Techniques which allow the sharing of data whilst keeping it secure

85 points by jinnko 3 years ago · 33 comments

Reader

nl 3 years ago

There are other techniques that aren't generally included in the "Zero Knowledge Proofs" set of techniques that are perhaps more practical for general development.

For example, I find private set intersection[1] as implemented by OpenMined a really useful primitive a bunch of privacy enhancing applications can be built on top of.

My colleagues and I recently published a pre-print[2] showing how to use this for sharing locations you and another person have had in common, without being able to see other locations. The paper talks about a social network built around this but I also think there are useful applications in things like real-world games (scavenger hunts etc)

[1] https://github.com/OpenMined/PSI/blob/master/private_set_int...

[2] https://arxiv.org/abs/2210.01927

sjducb 3 years ago

If you're trying to use brute force to break this system it's important to realise that the search space is not all possible hashes. The search space is all likely names. This makes it trivial to break, especially for the CIA case where there are really only a few hundred likely adversaries.

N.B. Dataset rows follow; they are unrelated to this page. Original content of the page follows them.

(* Fix a coordinate $i$ and run the COCOB algorithm (defined in the context) on an arbitrary sequence of outcomes with $|g_{t,i}|\le L_i$ for all $t$. Define the wealth $\mathrm{Wealth}_{t,i}=L_i+\mathrm{Reward}_{t,i}$. Then for every $t\ge0$: (a) $\mathrm{Wealth}_{t,i}>0$, and $|\beta_{t,i}g_{t+1,i}|<1$; (b) $\mathrm{Wealth}_{t,i}\ \ge\ L_i\exp\left(\frac{\theta_{t,i}^2}{2L_i(G_{t,i}+L_i)}-\sum_{j=1}^{t}\frac{|g_{j,i}|}{2(L_i+G_{j-1,i})}\right)\ \ge\ L_i\exp\left(\frac{\theta_{t,i}^2}{2L_i(G_{t,i}+L_i)}-\frac12\ln\frac{G_{t,i}}{L_i}\right)$.
   Context: COCOB algorithm (COntinuous COin Betting). Input: constants $L_i>0$ for $i=1,\dots,d$, an initial point $\boldsymbol{w}_1\in\mathbb{R}^d$, and a number of rounds $T$. Initialize $G_{0,i}=L_i$, $\mathrm{Reward}_{0,i}=0$ and $\theta_{0,i}=0$ for every $i$. For $t=1,\dots,T$: a vector $\boldsymbol{g}_t\in\mathbb{R}^d$ is received at the current point $\boldsymbol{w}_t$; it may depend arbitrarily on $\boldsymbol{w}_1,\dots,\boldsymbol{w}_t$. Then for each $i=1,\dots,d$: - $G_{t,i}=G_{t-1,i}+|g_{t,i}|$; - $\mathrm{Reward}_{t,i}=\mathrm{Reward}_{t-1,i}+(w_{t,i}-w_{1,i})g_{t,i}$; - $\theta_{t,i}=\theta_{t-1,i}+g_{t,i}$; - $\beta_{t,i}=\frac{1}{L_i}\left(2\sigma\left(\frac{2\theta_{t,i}}{G_{t,i}+L_i}\right)-1\right)$, where $\sigma(x)=\frac{1}{1+e^{-x}}$; - $w_{t+1,i}=w_{1,i}+\beta_{t,i}(L_i+\mathrm{Reward}_{t,i})$. In particular $w_{t+1,i}-w_{1,i}=\beta_{t,i}\mathrm{Wealth}_{t,i}$, so that $\mathrm{Wealth}_{t+1,i}=\mathrm{Wealth}_{t,i}(1+\beta_{t,i}g_{t+1,i})$. *)

theory Defs
  imports Complex_Main
begin

text \<open>COCOB, one fixed coordinate i. The outcomes of coordinate i are g 1, g 2, ...
  (index 0 unused). L is L_i > 0, w1 is w_{1,i}.\<close>

definition sigmoid :: "real \<Rightarrow> real" where
  "sigmoid x = 1 / (1 + exp (- x))"

definition cocob_G :: "real \<Rightarrow> (nat \<Rightarrow> real) \<Rightarrow> nat \<Rightarrow> real" where
  "cocob_G L g t = L + (\<Sum>j = 1..t. \<bar>g j\<bar>)"

definition cocob_theta :: "(nat \<Rightarrow> real) \<Rightarrow> nat \<Rightarrow> real" where
  "cocob_theta g t = (\<Sum>j = 1..t. g j)"

definition cocob_beta :: "real \<Rightarrow> (nat \<Rightarrow> real) \<Rightarrow> nat \<Rightarrow> real" where
  "cocob_beta L g t =
     (1 / L) * (2 * sigmoid (2 * cocob_theta g t / (cocob_G L g t + L)) - 1)"

text \<open>Iterates w_t (t \<ge> 1; the value at 0 is an unused convention) and Reward_t.\<close>
fun cocob_w :: "real \<Rightarrow> real \<Rightarrow> (nat \<Rightarrow> real) \<Rightarrow> nat \<Rightarrow> real"
and cocob_reward :: "real \<Rightarrow> real \<Rightarrow> (nat \<Rightarrow> real) \<Rightarrow> nat \<Rightarrow> real" where
  "cocob_w L w1 g 0 = w1"
| "cocob_w L w1 g (Suc 0) = w1"
| "cocob_w L w1 g (Suc (Suc t)) =
     w1 + cocob_beta L g (Suc t) * (L + cocob_reward L w1 g (Suc t))"
| "cocob_reward L w1 g 0 = 0"
| "cocob_reward L w1 g (Suc t) =
     cocob_reward L w1 g t + (cocob_w L w1 g (Suc t) - w1) * g (Suc t)"

definition cocob_wealth :: "real \<Rightarrow> real \<Rightarrow> (nat \<Rightarrow> real) \<Rightarrow> nat \<Rightarrow> real" where
  "cocob_wealth L w1 g t = L + cocob_reward L w1 g t"

end

theory Submission
  imports Defs "HOL-Probability.Hoeffding"
begin

text \<open>Measured in units of L, round t+1 multiplies the wealth by 1 + tanh u * x, where
  u = theta_t / (G_t + L) and x = g_{t+1} / L lies in [-1, 1]. As cosh u \<le> exp (u^2 / 2),
  convexity of exp gives 1 + tanh u * x \<ge> exp (u x - |x| u^2 / 2). The potential
  theta^2 / (2 L (G + L)) + theta^2 / (2 (G + L)^2), which is coin_potential (theta / L) ((G + L) / L), minus the accumulated penalty
  |g_j| / (2 (L + G_{j-1})) grows per round by at most this exponent (a polynomial inequality
  once denominators are cleared), so by induction the wealth dominates L times its exponential;
  the first bound drops the second, nonnegative term. The second bound follows by summing
  ln (1 + z) \<ge> z / (1 + z) over the rounds.\<close>

definition coin_potential :: "real \<Rightarrow> real \<Rightarrow> real" where
  "coin_potential y a = y\<^sup>2 / (2 * a) + y\<^sup>2 / (2 * a\<^sup>2)"

lemma coin_potential_minus [simp]: "coin_potential (- y) a = coin_potential y a"
  by (simp add: coin_potential_def)

lemma coin_potential_step_nonneg:
  fixes a c y :: real
  assumes a: "a > 0" and c: "0 \<le> c" "c \<le> 1"
  shows "coin_potential (y + c) (a + c)
           \<le> coin_potential y a + (y / a) * c - c * (y / a)\<^sup>2 / 2 + c / (2 * a)"
proof -
  define M where
    "M = a*(1-c)*(y-a)^2 + (c - c*c)*y^2 + a*(y+c*c)^2 + a*c*c*(1-c*c) + a*a*c*(1-c)"
  have "c * c \<le> c" using c by (simp add: mult_left_le)
  then have "M \<ge> 0"
    unfolding M_def using a c by (intro add_nonneg_nonneg mult_nonneg_nonneg) (auto simp: mult_le_one)
  have "a \<noteq> 0" "a + c \<noteq> 0" using a c by auto
  then have "coin_potential y a + (y / a) * c - c * (y / a)\<^sup>2 / 2 + c / (2 * a)
               - coin_potential (y + c) (a + c) = c * M / (2 * a\<^sup>2 * (a + c)\<^sup>2)"
    unfolding coin_potential_def M_def by (simp add: divide_simps) algebra
  moreover have "c * M / (2 * a\<^sup>2 * (a + c)\<^sup>2) \<ge> 0" using \<open>M \<ge> 0\<close> c by simp
  ultimately show ?thesis by linarith
qed

lemma coin_potential_step:
  fixes a x y :: real
  assumes "a > 0" and "\<bar>x\<bar> \<le> 1"
  shows "coin_potential (y + x) (a + \<bar>x\<bar>)
           \<le> coin_potential y a + (y / a) * x - \<bar>x\<bar> * (y / a)\<^sup>2 / 2 + \<bar>x\<bar> / (2 * a)"
proof (cases "x \<ge> 0")
  case True
  then show ?thesis using coin_potential_step_nonneg[of a x y] assms by simp
next
  case False
  then have "coin_potential (y + x) (a + \<bar>x\<bar>) = coin_potential (- y + \<bar>x\<bar>) (a + \<bar>x\<bar>)"
    by (metis abs_of_neg coin_potential_minus minus_add_distrib not_le)
  also have "\<dots> \<le> coin_potential (- y) a + (- y / a) * \<bar>x\<bar> - \<bar>x\<bar> * (- y / a)\<^sup>2 / 2
                   + \<bar>x\<bar> / (2 * a)"
    using coin_potential_step_nonneg[of a "\<bar>x\<bar>" "- y"] assms by simp
  finally show ?thesis using False by simp
qed

lemma cosh_le_exp_half_square: "cosh (u :: real) \<le> exp (u\<^sup>2 / 2)"
proof -
  have pos: "1 + (exp (2 * \<bar>u\<bar>) - 1) / 2 > 0" by (simp add: add_pos_nonneg)
  have "ln (1 + (exp (2 * \<bar>u\<bar>) - 1) / 2) \<le> \<bar>u\<bar> + u\<^sup>2 / 2"
    using Hoeffdings_lemma_aux[of "2 * \<bar>u\<bar>" "1/2"] by (simp add: power2_eq_square)
  then have "1 + (exp (2 * \<bar>u\<bar>) - 1) / 2 \<le> exp (\<bar>u\<bar> + u\<^sup>2 / 2)"
    using pos by (metis exp_le_cancel_iff exp_ln)
  also have "1 + (exp (2 * \<bar>u\<bar>) - 1) / 2 = cosh \<bar>u\<bar> * exp \<bar>u\<bar>"
    by (simp add: cosh_field_def field_simps flip: exp_add)
  finally show ?thesis by (simp add: exp_add)
qed

lemma exp_le_one_plus_tanh_mult_nonneg:
  fixes u x :: real
  assumes "0 \<le> x" "x \<le> 1"
  shows "exp (u * x - x * u\<^sup>2 / 2) \<le> 1 + tanh u * x"
proof -
  have "exp (u - u\<^sup>2 / 2) = exp u / exp (u\<^sup>2 / 2)" by (simp add: exp_diff)
  also have "\<dots> \<le> exp u / cosh u"
    by (rule divide_left_mono) (simp_all add: cosh_le_exp_half_square)
  also have "\<dots> = 1 + tanh u" by (simp add: tanh_def field_simps flip: cosh_plus_sinh)
  finally have top: "exp (u - u\<^sup>2 / 2) \<le> 1 + tanh u" .
  have "exp (u * x - x * u\<^sup>2 / 2) = exp ((1 - x) * 0 + x * (u - u\<^sup>2 / 2))"
    by (simp add: algebra_simps)
  also have "\<dots> \<le> (1 - x) * exp 0 + x * exp (u - u\<^sup>2 / 2)"
    using convex_onD[OF exp_convex, of x 0 "u - u\<^sup>2 / 2"] assms by simp
  also have "\<dots> \<le> (1 - x) * 1 + x * (1 + tanh u)"
    using top assms by (simp add: mult_left_mono)
  finally show ?thesis by (simp add: algebra_simps)
qed

lemma exp_le_one_plus_tanh_mult:
  fixes u x :: real
  assumes "\<bar>x\<bar> \<le> 1"
  shows "exp (u * x - \<bar>x\<bar> * u\<^sup>2 / 2) \<le> 1 + tanh u * x"
proof (cases "x \<ge> 0")
  case True
  then show ?thesis using exp_le_one_plus_tanh_mult_nonneg[of x u] assms by simp
next
  case False
  then show ?thesis using exp_le_one_plus_tanh_mult_nonneg[of "- x" "- u"] assms by simp
qed

lemma two_sigmoid_minus_one: "2 * sigmoid v - 1 = tanh (v / 2)"
proof -
  have "1 + exp (- v) > 0" by (simp add: add_pos_pos)
  then show ?thesis by (simp add: sigmoid_def tanh_real_altdef field_simps)
qed

definition cocob_penalty :: "real \<Rightarrow> (nat \<Rightarrow> real) \<Rightarrow> nat \<Rightarrow> real" where
  "cocob_penalty L g t = (\<Sum>j = 1..t. \<bar>g j\<bar> / (2 * (L + cocob_G L g (j - 1))))"

lemma cocob_G_Suc: "cocob_G L g (Suc t) = cocob_G L g t + \<bar>g (Suc t)\<bar>"
  by (simp add: cocob_G_def)

lemma cocob_G_ge: "cocob_G L g t \<ge> L"
  by (simp add: cocob_G_def sum_nonneg)

lemma cocob_theta_0 [simp]: "cocob_theta g 0 = 0"
  by (simp add: cocob_theta_def)

lemma cocob_theta_Suc: "cocob_theta g (Suc t) = cocob_theta g t + g (Suc t)"
  by (simp add: cocob_theta_def)

lemma cocob_penalty_Suc:
  "cocob_penalty L g (Suc t) = cocob_penalty L g t + \<bar>g (Suc t)\<bar> / (2 * (L + cocob_G L g t))"
  by (simp add: cocob_penalty_def)

lemma cocob_beta_eq_tanh: "cocob_beta L g t = tanh (cocob_theta g t / (cocob_G L g t + L)) / L"
proof -
  have "2 * cocob_theta g t / (cocob_G L g t + L) / 2 = cocob_theta g t / (cocob_G L g t + L)"
    by (simp add: divide_simps)
  then show ?thesis unfolding cocob_beta_def two_sigmoid_minus_one by simp
qed

lemma cocob_wealth_Suc:
  "cocob_wealth L w1 g (Suc t) = cocob_wealth L w1 g t * (1 + cocob_beta L g t * g (Suc t))"
proof -
  have "cocob_w L w1 g (Suc t) - w1 = cocob_beta L g t * cocob_wealth L w1 g t"
    by (cases t) (simp_all add: cocob_wealth_def cocob_beta_eq_tanh)
  then show ?thesis by (simp add: cocob_wealth_def algebra_simps)
qed

lemma cocob_bet_abs_less_one:
  assumes "L > 0" and "\<bar>g (Suc t)\<bar> \<le> L"
  shows "\<bar>cocob_beta L g t * g (Suc t)\<bar> < 1"
proof -
  have "\<bar>cocob_beta L g t * g (Suc t)\<bar>
          = \<bar>tanh (cocob_theta g t / (cocob_G L g t + L))\<bar> * (\<bar>g (Suc t)\<bar> / L)"
    using assms by (simp add: cocob_beta_eq_tanh abs_mult)
  also have "\<dots> \<le> \<bar>tanh (cocob_theta g t / (cocob_G L g t + L))\<bar>"
    using assms by (intro mult_left_le) simp_all
  also have "\<dots> < 1" using tanh_real_bounds by (simp add: abs_less_iff)
  finally show ?thesis .
qed

lemma cocob_penalty_le_ln:
  assumes "L > 0" and "\<And>t. t \<ge> 1 \<Longrightarrow> \<bar>g t\<bar> \<le> L"
  shows "cocob_penalty L g t \<le> 1 / 2 * ln (cocob_G L g t / L)"
proof (induction t)
  case 0
  then show ?case by (simp add: cocob_penalty_def cocob_G_def)
next
  case (Suc t)
  define G where "G = cocob_G L g t"
  define h where "h = \<bar>g (Suc t)\<bar>"
  have "G > 0" "0 \<le> h" "h \<le> L" using cocob_G_ge[of L g t] assms unfolding G_def h_def by auto
  then have "h / (L + G) \<le> h / (G + h)"
    by (intro divide_left_mono) auto
  also have "\<dots> = - (G / (G + h) - 1)" using \<open>G > 0\<close> \<open>0 \<le> h\<close> by (simp add: field_simps)
  also have "\<dots> \<le> - ln (G / (G + h))"
    using \<open>G > 0\<close> \<open>0 \<le> h\<close> ln_le_minus_one[of "G / (G + h)"] by simp
  also have "\<dots> = ln ((G + h) / L) - ln (G / L)"
    using \<open>G > 0\<close> \<open>0 \<le> h\<close> assms(1) by (simp add: ln_div)
  finally have "h / (2 * (L + G)) \<le> 1 / 2 * ln ((G + h) / L) - 1 / 2 * ln (G / L)"
    using \<open>G > 0\<close> assms(1) by (simp add: field_simps)
  then show ?case
    using Suc.IH unfolding cocob_penalty_Suc cocob_G_Suc G_def[symmetric] h_def[symmetric] by linarith
qed

lemma cocob_wealth_ge_exp_potential:
  assumes L: "L > 0" and bounded: "\<And>t. t \<ge> 1 \<Longrightarrow> \<bar>g t\<bar> \<le> L"
  shows "L * exp (coin_potential (cocob_theta g t / L) ((cocob_G L g t + L) / L)
                  - cocob_penalty L g t) \<le> cocob_wealth L w1 g t"
proof (induction t)
  case 0
  then show ?case by (simp add: cocob_wealth_def coin_potential_def cocob_penalty_def)
next
  case (Suc t)
  define y where "y = cocob_theta g t / L"
  define a where "a = (cocob_G L g t + L) / L"
  define x where "x = g (Suc t) / L"
  define \<Phi> where "\<Phi> = coin_potential y a - cocob_penalty L g t"
  have a: "a > 0" using L cocob_G_ge[of L g t] by (simp add: a_def)
  have x: "\<bar>x\<bar> \<le> 1" using L bounded[of "Suc t"] by (simp add: x_def)
  have "coin_potential (y + x) (a + \<bar>x\<bar>) - \<bar>x\<bar> / (2 * a) - cocob_penalty L g t
          \<le> \<Phi> + (y / a * x - \<bar>x\<bar> * (y / a)\<^sup>2 / 2)"
    using coin_potential_step[OF a x, of y] by (simp add: \<Phi>_def)
  moreover have "cocob_theta g (Suc t) / L = y + x" "(cocob_G L g (Suc t) + L) / L = a + \<bar>x\<bar>"
    "\<bar>g (Suc t)\<bar> / (2 * (L + cocob_G L g t)) = \<bar>x\<bar> / (2 * a)"
    using L by (simp_all add: y_def x_def a_def cocob_theta_Suc cocob_G_Suc field_simps)
  ultimately have "L * exp (coin_potential (cocob_theta g (Suc t) / L)
                     ((cocob_G L g (Suc t) + L) / L) - cocob_penalty L g (Suc t))
                   \<le> L * exp \<Phi> * exp (y / a * x - \<bar>x\<bar> * (y / a)\<^sup>2 / 2)"
    using L by (simp add: cocob_penalty_Suc flip: exp_add)
  also have "\<dots> \<le> cocob_wealth L w1 g t * (1 + tanh (y / a) * x)"
    using Suc.IH L by (intro mult_mono exp_le_one_plus_tanh_mult x)
      (simp_all add: \<Phi>_def y_def a_def order_trans[OF _ Suc.IH])
  also have "\<dots> = cocob_wealth L w1 g (Suc t)"
    using L by (simp add: cocob_wealth_Suc cocob_beta_eq_tanh y_def a_def x_def)
  finally show ?case .
qed

theorem mainTheorem3:
  fixes L w1 :: real and g :: "nat \<Rightarrow> real"
  assumes "L > 0"
    and "\<And>t. t \<ge> 1 \<Longrightarrow> \<bar>g t\<bar> \<le> L"
  shows "\<forall>t::nat.
     cocob_wealth L w1 g t > 0
   \<and> \<bar>cocob_beta L g t * g (Suc t)\<bar> < 1
   \<and> cocob_wealth L w1 g t \<ge>
       L * exp ((cocob_theta g t)\<^sup>2 / (2 * L * (cocob_G L g t + L))
                - (\<Sum>j = 1..t. \<bar>g j\<bar> / (2 * (L + cocob_G L g (j - 1)))))
   \<and> L * exp ((cocob_theta g t)\<^sup>2 / (2 * L * (cocob_G L g t + L))
                - (\<Sum>j = 1..t. \<bar>g j\<bar> / (2 * (L + cocob_G L g (j - 1)))))
       \<ge> L * exp ((cocob_theta g t)\<^sup>2 / (2 * L * (cocob_G L g t + L))
                - 1 / 2 * ln (cocob_G L g t / L))"
proof -
  define q where "q t = (cocob_theta g t)\<^sup>2 / (2 * L * (cocob_G L g t + L))" for t
  have wealth: "L * exp (q t - cocob_penalty L g t) \<le> cocob_wealth L w1 g t" for t
  proof -
    have "q t \<le> coin_potential (cocob_theta g t / L) ((cocob_G L g t + L) / L)"
      using assms(1) cocob_G_ge[of L g t]
      by (simp add: q_def coin_potential_def field_simps power2_eq_square)
    then have "L * exp (q t - cocob_penalty L g t) \<le> L * exp (coin_potential
        (cocob_theta g t / L) ((cocob_G L g t + L) / L) - cocob_penalty L g t)"
      using assms(1) by simp
    also have "\<dots> \<le> cocob_wealth L w1 g t" by (rule cocob_wealth_ge_exp_potential[OF assms])
    finally show ?thesis .
  qed
  have positive: "cocob_wealth L w1 g t > 0" for t
    using wealth[of t] assms(1) by (meson exp_gt_zero mult_pos_pos less_le_trans)
  have bet: "\<bar>cocob_beta L g t * g (Suc t)\<bar> < 1" for t
    using cocob_bet_abs_less_one assms by simp
  have "L * exp (q t - 1 / 2 * ln (cocob_G L g t / L)) \<le> L * exp (q t - cocob_penalty L g t)"
    for t using cocob_penalty_le_ln[OF assms] assms(1) by simp
  then show ?thesis using positive bet wealth unfolding q_def cocob_penalty_def by simp
qed

end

The encryption/hashing doesn't really add anything beyond empty marketing. The trusted party who ppl report to could easily work out all of the names of they wanted to.

franknstein 3 years ago

This is common misconception. The truth is that in HE every plaintext can be encrypted to (exponentially iirc) many different ciphertexts. During encryption one of those is chosen randomly. This makes dictionary attacks practically impossible.
Edit: HE scheme (lwe) works on individual bits. Meaning there are only two plaintexts (0,1). Each has exponentially many ciphertexts, only one chosen at random. They also share ciphertext space, meaning each ciphertext could be either encrypted zero or one.
- sjducb 3 years ago
  
  Maybe I'm missing something, but surely a dictionary based attack will work because you have to be able to know that your key has already been submitted by another user. That's the point of the application.
  1) Initial report is filed.
  2) Second report is filed by a user who only knows the attackers details.
  3) Match is found
  Therefore you can just keep iterating through names till you get a match.
  Another way of saying it is that the application won't work if a second user can't tell that the first user has entered an attackers name.
  The vulnerability is in the application specification, not HE.
mattdesl 3 years ago

Depends on how the database and application was set up. In a properly formed ZK application you cannot obtain any reasonable information by brute force hashing names.
Edit: I realize you’re probably talking about Callisto which does seems like simple hashing of names, but I wanted to note that this is not always the case in apps using ZK proofs and FHE which the article touches on a bit later.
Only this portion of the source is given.